The nurse is administering cleansing enemas to a client the night before bowel surgery. During instillation of the enema, the client reports cramping and pain. What action should the nurse take?
- Have the client take slow, deep breaths
- Stop infusing the solution for 30 seconds, then resume at a slower rate
- Tell the client that the process will not take much longer
- Withdraw the tube approximately 2 cm and continue the infusion
Explanation: Answer reason: Temporarily stopping the flow allows the bowel to relax and decreases discomfort, and restarting more slowly reduces further distention and pain. This action is the safest immediate nursing intervention while maintaining the goal of bowel cleansing. Deep breathing may provide minimal comfort but does not address the physiologic cause, and repositioning/withdrawing the tube is more appropriate when there is resistance to insertion or suspected mucosal irritation rather than simple cramping from rate.
Which focus is the nurse most likely to teach for a client with a flaccid bladder?
- Habit training: Attempt voiding at specific time periods
- Bladder training: Delay voiding according to a pre scheduled timetable
- Credé’s maneuver: Apply gentle manual pressure to the lower abdomen.
- Kegel exercises: Contract the pelvic muscles.
Explanation: Answer reason: A flaccid (areflexic) bladder typically results from lower motor neuron dysfunction, leading to poor detrusor contraction and urinary retention with overflow. Management teaching focuses on methods to assist bladder emptying, such as manual expression or intermittent catheterization, rather than suppressing urgency.
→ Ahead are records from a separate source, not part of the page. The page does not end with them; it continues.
text \<open>Expanding both sides into blocks of length k (using the neighbour identity on the right),
  everything cancels except the two pairs compared by the pairing inequality.\<close>

lemma sine_block_core_le:
  fixes p k :: nat
  assumes "2 \<le> p" "p + 2*k + 1 \<le> n"
  shows "sine_block n (int p - int k - 1) (4*k+3) + sine_block n (int p + int k) k
           + sine_block n (int p + 1) k \<le> perron_root n * sine_block n (int p) (2*k+1)"
proof -
  define P K where "P = int p" and "K = int k"
  have "sine_block n (P - K - 1) (4*k+3)
      = sine_block n (P - K - 1) k + sine_block n (P - 1) (2*k+3) + sine_block n (P + 2*K + 2) k"
    using sine_block_add[of n "P - K - 1" k "(2*k+3) + k"] sine_block_add[of n "P - 1" "2*k+3" k]
    by (simp add: K_def algebra_simps)
  moreover have "sine_block n (P - 1) (2*k+3)
      = sine_int n (P - 1) + sine_block n P (2*k+1) + sine_int n (P + 2*K + 1)"
    using sine_block_Suc_left[of n "P - 1" "2*k+2"] sine_block_Suc[of n P "2*k+1"]
    by (simp add: K_def algebra_simps numeral_3_eq_3)
  moreover have "sine_block n (P - 1) (2*k+1)
      = sine_int n (P - 1) + sine_block n P k + sine_block n (P + K) k"
    using sine_block_Suc_left[of n "P - 1" "2*k"] sine_block_add[of n P k k, folded mult_2]
    by (simp add: K_def algebra_simps)
  moreover have "sine_block n (P + 1) (2*k+1)
      = sine_block n (P + 1) k + sine_block n (P + K + 1) k + sine_int n (P + 2*K + 1)"
    using sine_block_Suc[of n "P + 1" "2*k"] sine_block_add[of n "P + 1" k k, folded mult_2]
    by (simp add: K_def algebra_simps)
  moreover have "sine_block n (P - K - 1) k + sine_block n (P + 2*K + 2) k
      \<le> sine_block n P k + sine_block n (P + K + 1) k"
    using sine_block_pairing_le[OF assms] unfolding P_def K_def .
  ultimately show ?thesis
    using sine_block_neighbours[of n P "2*k+1"] unfolding P_def K_def by linarith
qed

text \<open>The outer ball is the block [p - k - 1, p + 3k + 1] cut down to [1, n]; the truncated
  subtractions k + 2 - p and p + 3k + 1 - n are the lengths of the parts cut off on either side.\<close>

lemma meas_sine_measure_outer_ball:
  fixes p k :: nat
  assumes "2 \<le> p" "p + 2*k + 1 \<le> n"
  shows "meas (sine_measure n) (ball_L n (p + k) (2*k+1))
    = sine_block n (int p - int k - 1) (4*k+3) + sine_block n 0 (k + 2 - p)
      + sine_block n 0 (p + 3*k + 1 - n)"
proof -
  define A cl cr where "A = int p - int k - 1" and "cl = k + 2 - p" and "cr = p + 3*k + 1 - n"
  define mid where "mid = 4*k + 3 - cl - cr"
  define lo hi where "lo = max 1 (p + k - (2*k+1))" and "hi = min n (p + k + (2*k+1))"
  have "int lo = A + int cl" "hi + 1 - lo = mid" "lo \<le> hi + 1"
    unfolding lo_def hi_def A_def cl_def cr_def mid_def using assms by auto
  then have "meas (sine_measure n) (ball_L n (p + k) (2*k+1)) = sine_block n (A + int cl) mid"
    unfolding ball_L_eq_interval lo_def[symmetric] hi_def[symmetric]
    by (simp add: meas_sine_measure_interval)
  moreover have "sine_block n A (4*k+3)
      = sine_block n A cl + sine_block n (A + int cl) mid + sine_block n (A + int cl + int mid) cr"
  proof -
    have "cl + (mid + cr) = 4*k+3" unfolding cl_def cr_def mid_def using assms by auto
    then show ?thesis
      using sine_block_add[of n A cl "mid + cr"] sine_block_add[of n "A + int cl" mid cr] by simp
  qed
  moreover have "sine_block n A cl = - sine_block n 0 cl"
    using sine_block_left_reflect[of n cl] by (cases "cl = 0") (auto simp: A_def cl_def)
  moreover have "sine_block n (A + int cl + int mid) cr = - sine_block n 0 cr"
  proof (cases "cr = 0")
    case False
    then have "A + int cl + int mid = int n + 1"
      unfolding A_def cl_def cr_def mid_def using assms by auto
    then show ?thesis using sine_block_right_reflect by simp
  qed simp
  ultimately show ?thesis unfolding A_def cl_def cr_def by linarith
qed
Gentle suprapubic pressure can help increase intravesical pressure to facilitate voiding when detrusor tone is reduced. Bladder training and Kegel exercises are more useful for spastic bladder/urge incontinence or stress incontinence, not for an areflexic retention problem. The priority is preventing overdistention, retention, and associated infection risk by promoting effective emptying.
The nurse cares for a group of clients. Which client is most at risk for constipation?
- 40-year-old who is nothing per mouth for an abdominal CT
- 55-year-old postop day 2 for bilateral total hip arthroplasty
- 65-year-old with rheumatoid arthritis prescribed corticosteroids
- 85-year-old prescribed antibiotics for a urinary tract infection
Explanation: Answer reason: On postoperative day 2 after bilateral hip arthroplasty, the client is likely immobile and receiving opioids, which slow GI motility and increase stool water absorption. NPO status for a CT is typically short-term and less constipating than sustained immobility plus opioids. Antibiotics more commonly cause diarrhea, and corticosteroids are not a primary constipation trigger compared with postop immobility/opioids.